Why the BRICS Expansion Changes Nothing for Bilateral Ties
The chattering classes insisted that the expansion of BRICS would supercharge local relationships. The opposite is true. By diluting the bloc with new members, the original bilateral axes—like New Delhi to Pretoria—have become even less relevant.
Imagine a scenario where an exclusive club of five expands to eleven. The institutional focus inevitably shifts toward managing internal friction and broader multilateral grandstanding. It does not magically fix the fact that South African port bottlenecks make it cheaper and faster for an Indian textile firm to source raw materials from East Africa or Southeast Asia rather than Durban.
Furthermore, the domestic realities within South Africa present a major barrier to Indian foreign direct investment (FDI). Indian capital is highly mobile. Group Chairman of Tata or representatives from Mahindra do not invest based on sentimental stories about Mahatma Gandhi’s formative years in KwaZulu-Natal. They invest based on infrastructure reliability, labor flexibility, and currency stability. With South Africa's rolling blackouts and volatile Rand, Indian investors are quietly looking elsewhere—Vietnam, Indonesia, and even parts of North Africa are winning the capital flight war.
The Brutal Truth Behind the Diplomatic Press Release
Let us address the "People Also Ask" consensus regarding this diplomatic track.
Does India have a strong strategic partnership with South Africa?
On paper, yes. In practice, it is a low-priority relationship. India’s true strategic imperatives lie in securing its maritime borders, decoupling its technology sector from China, and deepening ties with the Gulf Cooperation Council (GCC) and the West. South Africa is a useful diplomatic voting block in multilateral forums, not a vital economic or military ally.
Are South African and Indian business sectors integrated?
Barely. Aside from a few notable exceptions in the pharmaceutical sector (like Cipla) and heavy industry (Tata), the integration is superficial. Mid-tier companies on both sides face immense hurdles. Indian businesses struggle with South African visa backlogs and security concerns, while South African companies find India’s complex state-level regulations and tariff barriers nearly impossible to penetrate without massive local political patronage.

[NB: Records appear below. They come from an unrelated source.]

lemma image_eqn_of_Bits: "eqn_of ` Bits R = Eqns R"
proof
  show "eqn_of ` Bits R \<subseteq> Eqns R"
    by (auto simp: Bits_def Eqns_def eqn_of_def src_def dst_def min_def max_def)
  show "Eqns R \<subseteq> eqn_of ` Bits R"
  proof
    fix e assume "e \<in> Eqns R"
    then obtain i j k where e: "e = (i,j,k)" "i \<in> Users" "j \<in> Users" "i < j"
      and "k < max (R i j) (R j i)"
      by (auto simp: Eqns_def)
    then consider "(i,j,k) \<in> Bits R" | "(j,i,k) \<in> Bits R"
      by (auto simp: Bits_def less_max_iff_disj)
    moreover have "eqn_of (i,j,k) = e" using e by (simp add: eqn_of_def src_def dst_def)
    ultimately show "e \<in> eqn_of ` Bits R"
      by cases (metis eqn_of_swap image_eqI)+
  qed
qed

lemma eqn_of_in_Eqns: "x \<in> Bits R \<Longrightarrow> eqn_of x \<in> Eqns R"
  using image_eqn_of_Bits by blast

lemma eqn_of_eq_iff:
  assumes x: "(a,b,k) \<in> Bits R" and y: "y \<in> Bits R"
  shows "eqn_of y = eqn_of (a,b,k) \<longleftrightarrow> y = (a,b,k) \<or> (y = (b,a,k) \<and> k < R b a)"
proof -
  obtain c d k' where yy: "y = (c,d,k')" by (cases y)
  have "a \<noteq> b" "c \<noteq> d" "k' < R c d" using x y yy by (auto simp: Bits_def)
  then show ?thesis
    unfolding yy by (auto simp: eqn_of_def src_def dst_def min_def max_def split: if_splits)
qed

lemma eqn_of_eq_iff_ordered:
  "i < j \<Longrightarrow> eqn_of (a,b,c) = (i,j,k) \<longleftrightarrow> c = k \<and> ((a,b) = (i,j) \<or> (a,b) = (j,i))"
  by (auto simp: eqn_of_def src_def dst_def min_def max_def)

lemma eqn_key_le_iff:
  assumes "(i,j,k) \<in> Eqns R"
  shows "eqn_key R H (i,j,k) \<le> r \<longleftrightarrow> (k < R i j \<and> H i j \<le> r) \<or> (k < R j i \<and> H j i \<le> r)"
proof -
  have ij: "i \<in> Users" "j \<in> Users" "i < j"
    using assms by (auto simp: Eqns_def)
  have bits: "{x\<in>Bits R. eqn_of x = (i,j,k)} = {x. (x = (i,j,k) \<and> k < R i j) \<or> (x = (j,i,k) \<and> k < R j i)}"
  proof (intro set_eqI)
    fix x :: "nat \<times> nat \<times> nat"
    obtain a b c where x: "x = (a,b,c)" by (cases x)
    show "x \<in> {x\<in>Bits R. eqn_of x = (i,j,k)} \<longleftrightarrow> x \<in> {x. (x = (i,j,k) \<and> k < R i j) \<or> (x = (j,i,k) \<and> k < R j i)}"
      using ij unfolding x by (auto simp: Bits_def eqn_of_eq_iff_ordered[OF ij(3)])
  qed
  have "(i,j,k) \<in> eqn_of ` Bits R"
    using assms by (simp add: image_eqn_of_Bits)
  then have "{x\<in>Bits R. eqn_of x = (i,j,k)} \<noteq> {}"
    by force
  then have "eqn_key R H (i,j,k) \<le> r \<longleftrightarrow> (\<exists>x\<in>{x\<in>Bits R. eqn_of x = (i,j,k)}. H (src x) (dst x) \<le> r)"
    unfolding eqn_key_def using finite_Bits[of R] by (simp add: Min_le_iff)
  then show ?thesis
    unfolding bits by (auto simp: src_def dst_def)
qed

lemma eqn_key_le:
  assumes "x \<in> Bits R"
  shows "eqn_key R H (eqn_of x) \<le> H (src x) (dst x)"
  unfolding eqn_key_def using assms finite_Bits[of R] by (intro Min_le) auto

lemma double_pairs_sum:
  assumes "distinct [t, u, v, w]" and "\<And>i j. g i j = g j i"
  shows "2 * pairs_sum g t u v w = (\<Sum>i\<in>{t,u,v,w}. \<Sum>j\<in>{t,u,v,w} - {i}. g i j)"
proof -
  have "{t,u,v,w} - {t} = {u,v,w}" "{t,u,v,w} - {u} = {t,v,w}"
    "{t,u,v,w} - {v} = {t,u,w}" "{t,u,v,w} - {w} = {t,u,v}"
    using assms(1) by auto
  then show ?thesis
    using assms by (simp add: pairs_sum_def)
qed

lemma distinct4_set_eq:
  assumes "distinct [t, u, v, w]" "{t,u,v,w} = {t',u',v',w'}"
  shows "distinct [t', u', v', w']"
proof -
  have "card (set [t',u',v',w']) = 4"
    using assms distinct_card[OF assms(1)] by simp
  then show ?thesis
    by (intro card_distinct) simp
qed

lemma pairs_sum_set_eq:
  assumes "distinct [t, u, v, w]" "{t,u,v,w} = {t',u',v',w'}" and "\<And>i j. g i j = g j i"
  shows "pairs_sum g t u v w = pairs_sum g t' u' v' w'"
proof -
  from double_pairs_sum[where g=g, OF distinct4_set_eq[OF assms(1,2)] assms(3)]
    double_pairs_sum[where g=g, OF assms(1,3), unfolded assms(2)]
  show ?thesis by linarith
qed

lemma card_eqn_key_le:
  assumes "distinct [t, u, v, w]" "{t,u,v,w} = Users"
  shows "card {e\<in>Eqns R. eqn_key R H e \<le> r} = pairs_sum (load_below R H r) t u v w"
proof -
  have "{e\<in>Eqns R. eqn_key R H e \<le> r} = (SIGMA i:Users. SIGMA j:{j\<in>Users. i < j}. {..<load_below R H r i j})"
  proof (intro set_eqI)
    fix e :: "nat \<times> nat \<times> nat"
    obtain i j k where e: "e = (i,j,k)" by (cases e)
    show "e \<in> {e\<in>Eqns R. eqn_key R H e \<le> r} \<longleftrightarrow> e \<in> (SIGMA i:Users. SIGMA j:{j\<in>Users. i < j}. {..<load_below R H r i j})"
    proof (cases "(i,j,k) \<in> Eqns R")
      case True
      then show ?thesis unfolding e using eqn_key_le_iff[OF True, of H r] by (auto simp: Eqns_def load_below_def)
    next
      case False
      have "k < load_below R H r i j \<Longrightarrow> k < max (R i j) (R j i)"
        by (auto simp: load_below_def split: if_splits)
      with False show ?thesis unfolding e by (auto simp: Eqns_def)
    qed
  qed
  then have "card {e\<in>Eqns R. eqn_key R H e \<le> r} = (\<Sum>i\<in>Users. \<Sum>j\<in>{j\<in>Users. i < j}. load_below R H r i j)"
    by (simp add: card_SigmaI Users_def)
  also have "\<dots> = pairs_sum (load_below R H r) 1 2 3 4"
  proof -
    have above: "{j\<in>Users. 1 < j} = {2,3,4}" "{j\<in>Users. 2 < j} = {3,4}" "{j\<in>Users. 3 < j} = {4}"
      "{j\<in>Users. 4 < j} = {}"
      by (auto simp: Users_def)
    have sum_Users: "(\<Sum>i\<in>Users. f i) = f 1 + f 2 + f 3 + f 4" for f :: "nat \<Rightarrow> nat"
      by (simp add: Users_def)
    show ?thesis unfolding sum_Users above by (simp add: pairs_sum_def)
  qed
  also have "\<dots> = pairs_sum (load_below R H r) t u v w"
  proof (rule pairs_sum_set_eq)
    show "{1, 2, 3, 4} = {t, u, v, w}" using assms(2) by (simp add: Users_def)
    show "load_below R H r i j = load_below R H r j i" for i j
      by (simp add: load_below_def max.commute)
  qed simp
  finally show ?thesis .
qed

section \<open>Capacity bounds from the rate conditions\<close>

definition pair_load :: "(nat \<Rightarrow> nat \<Rightarrow> nat) \<Rightarrow> nat \<Rightarrow> nat \<Rightarrow> nat" where
  "pair_load R i j = max (R i j) (R j i)"

lemma pair_load_commute: "pair_load R i j = pair_load R j i"
  by (simp add: pair_load_def max.commute)

lemma triangle_load_le:
  "pair_load R q r + pair_load R q s + pair_load R r s
     \<le> max (Phi R q r s) (max (R q r + R r s + R s q) (R q s + R s r + R r q))"
  unfolding pair_load_def Phi_def by (simp add: max_def)

lemma tournament4_cases:
  fixes dom :: "'a \<Rightarrow> 'a \<Rightarrow> bool"
  assumes total: "\<And>x y. dom x y \<or> dom y x"
  obtains (source) p q r s where "(p,q,r,s) \<in> {(t,u,v,w), (u,t,v,w), (v,t,u,w), (w,t,u,v)}"
      "dom p q" "dom p r" "dom p s"
    | (sink) i j k l where "{i,j,k,l} = {t,u,v,w}"
      "dom i j" "dom j k" "dom k i" "dom i l" "dom j l" "dom k l"
    | (cycle) i j k l where "{i,j,k,l} = {t,u,v,w}" "dom i j" "dom j k" "dom k l" "dom l i"
proof -
  have "dom t u \<or> dom u t" "dom t v \<or> dom v t" "dom t w \<or> dom w t"
    "dom u v \<or> dom v u" "dom u w \<or> dom w u" "dom v w \<or> dom w v"
    using total by blast+
  then show thesis
    by (elim disjE) (blast intro: that)+
qed

lemma all_pairs_load_le:
  fixes R :: "nat \<Rightarrow> nat \<Rightarrow> nat"
  assumes distinct: "distinct [t, u, v, w]"
    and Phi_bound: "R t u + R t v + R t w + Phi R u v w \<le> N"
      "R u t + R u v + R u w + Phi R t v w \<le> N"
      "R v t + R v u + R v w + Phi R t u w \<le> N"
      "R w t + R w u + R w v + Phi R t u v \<le> N"
    and E3: "\<forall>i j k l. {i, j, k, l} = {t, u, v, w} \<longrightarrow>
               R i j + R j k + R k i + max (R l i + R l j + R l k) (R i l + R j l + R k l) \<le> M"
    and E4: "\<forall>i j k l. {i, j, k, l} = {t, u, v, w} \<longrightarrow>
               R i j + R j k + R k l + R l i + max (R j l) (R l j) + max (R i k) (R k i) \<le> M"
    and "M \<le> N"
  shows "pairs_sum (pair_load R) t u v w \<le> N"
proof -
  have perm: "pairs_sum (pair_load R) t u v w = pairs_sum (pair_load R) i j k l"
    if "{i,j,k,l} = {t,u,v,w}" for i j k l
    using that by (intro pairs_sum_set_eq[OF distinct]) (auto simp: pair_load_commute)
  have load: "pair_load R x y = R x y" if "R y x \<le> R x y" for x y
    using that by (simp add: pair_load_def)
  have "R y x \<le> R x y \<or> R x y \<le> R y x" for x y
    by linarith
  then show ?thesis
  proof (cases rule: tournament4_cases[where dom = "\<lambda>x y. R y x \<le> R x y" and t = t and u = u and v = v and w = w])
    case (source p q r s)
    then have set: "{q,r,s,p} = {t,u,v,w}" "{q,s,r,p} = {t,u,v,w}"
      by auto
    have "R p q + R p r + R p s + Phi R q r s \<le> N"
      using source(1) Phi_bound by auto
    moreover have "pairs_sum (pair_load R) t u v w
        = R p q + R p r + R p s + (pair_load R q r + pair_load R q s + pair_load R r s)"
      using perm[OF set(1)] source by (simp add: pairs_sum_def load pair_load_commute)
    ultimately show ?thesis
      using triangle_load_le[of R q r s] E3[rule_format, OF set(1)] E3[rule_format, OF set(2)] \<open>M \<le> N\<close>
      by (simp add: max_def split: if_splits)
  next
    case (sink i j k l)
    then have "pair_load R i k = R k i"
      by (simp add: pair_load_def)
    with sink show ?thesis
      using perm[OF sink(1)] E3[rule_format, OF sink(1)] \<open>M \<le> N\<close>
      by (simp add: pairs_sum_def load pair_load_commute max_def)
  next
    case (cycle i j k l)
    then have "pair_load R i l = R l i"
      by (simp add: pair_load_def)
    with cycle show ?thesis
      using perm[OF cycle(1)] E4[rule_format, OF cycle(1)] \<open>M \<le> N\<close>
      by (simp add: pairs_sum_def load pair_load_def)
  qed
qed

lemma Psi_eq_Phi_transpose: "Psi R p q r = Phi (\<lambda>i j. R j i) p q r"
  by (simp add: Psi_def Phi_def max.commute)

lemma ranked_loads_fit:
  fixes R :: "nat \<Rightarrow> nat \<Rightarrow> nat" and n :: "nat \<Rightarrow> nat" and t u v w x :: nat
  defines "rk \<equiv> rank4 t u v w"
  assumes distinct: "distinct [t, u, v, w]"
    and c1: "R w t + R w u + R w v \<le> n w"
    and c3: "R w t + R w u + R v t + R v u + max (R v w) (R w v) \<le> n v"
    and c5: "R u t + R v t + R w t + Phi R u v w \<le> n u"
    and E1: "max (R w u + R u v + R v w) (R u w + R w v + R v u) + R w t + R u t + R v t \<le> n u"
    and Phi_bound: "R t u + R t v + R t w + Phi R u v w \<le> n t"
      "R u t + R u v + R u w + Phi R t v w \<le> n t"
      "R v t + R v u + R v w + Phi R t u w \<le> n t"
      "R w t + R w u + R w v + Phi R t u v \<le> n t"
    and E3: "\<forall>i j k l. {i, j, k, l} = {t, u, v, w} \<longrightarrow>
               R i j + R j k + R k i + max (R l i + R l j + R l k) (R i l + R j l + R k l) \<le> M"
    and E4: "\<forall>i j k l. {i, j, k, l} = {t, u, v, w} \<longrightarrow>
               R i j + R j k + R k l + R l i + max (R j l) (R l j) + max (R i k) (R k i) \<le> M"
    and M_le: "M \<le> n t"
    and x: "x \<in> {t, u, v, w}"
  shows "pairs_sum (load_below R (\<lambda>i j. rk i) (rk x)) t u v w \<le> n x"
proof -
  have rk: "rk w = 0" "rk v = 1" "rk u = 2" "rk t = 3"
    using distinct by (auto simp: rk_def rank4_def)
  from x consider "x = w" | "x = v" | "x = u" | "x = t"
    by auto
  then show ?thesis
  proof cases
    case 1
    then show ?thesis using c1 by (simp add: rk pairs_sum_def load_below_def)
  next
    case 2
    then show ?thesis using c3 by (simp add: rk pairs_sum_def load_below_def max.commute)
  next
    case 3
    then have "pairs_sum (load_below R (\<lambda>i j. rk i) (rk x)) t u v w
        = R u t + R v t + R w t + (pair_load R u v + pair_load R u w + pair_load R v w)"
      by (simp add: rk pairs_sum_def load_below_def pair_load_def)
    then show ?thesis
      using 3 c5 E1 triangle_load_le[of R u v w] by (simp add: max_def split: if_splits)
  next
    case 4
    have "rk i \<le> 3" for i
      by (simp add: rk_def rank4_def)
    then have "load_below R (\<lambda>i j. rk i) (rk x) = pair_load R"
      using 4 by (simp add: rk load_below_def pair_load_def fun_eq_iff)
    then have "pairs_sum (load_below R (\<lambda>i j. rk i) (rk x)) t u v w = pairs_sum (pair_load R) t u v w"
      by (simp add: pairs_sum_def)
    then show ?thesis
      using 4 all_pairs_load_le[OF distinct Phi_bound E3 E4 M_le] by simp
  qed
qed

If this relationship were truly thriving, we would see a massive influx of joint ventures in green hydrogen, digital public infrastructure, and defense manufacturing. Instead, we get agreements to cooperate on "cultural exchanges" and "agricultural technology sharing"—the international diplomacy equivalent of participation trophies.
The Cost of the Contrarian Reality
Admitting that the South Africa-India relationship is underperforming comes with a downside. It forces both nations to confront uncomfortable truths. For India, it means acknowledging that its footprint in Africa is heavily lagging behind China’s deeply entrenched infrastructure-for-resource deals. For South Africa, it means realizing that ideological affinity cannot substitute for structural economic reform.
If you want to build a real economic engine between these two countries, stop talking about history. Stop referencing the 1997 Red Fort Declaration. Stop pretending that belonging to the same alphabet-soup of acronyms (IBSA, BRICS, G20) solves localized economic friction.
Governments do not create trade; they get out of the way of it. Until New Delhi slashes tariffs on South African agricultural products and Pretoria simplifies its visa regimes and labor mandates for foreign technical experts, the bilateral relationship will remain exactly what it is today: a convenient photo opportunity for politicians looking to look statesmanlike on the international stage.
The speeches will continue. The bilateral trade figures will languish. The reality remains undefeated.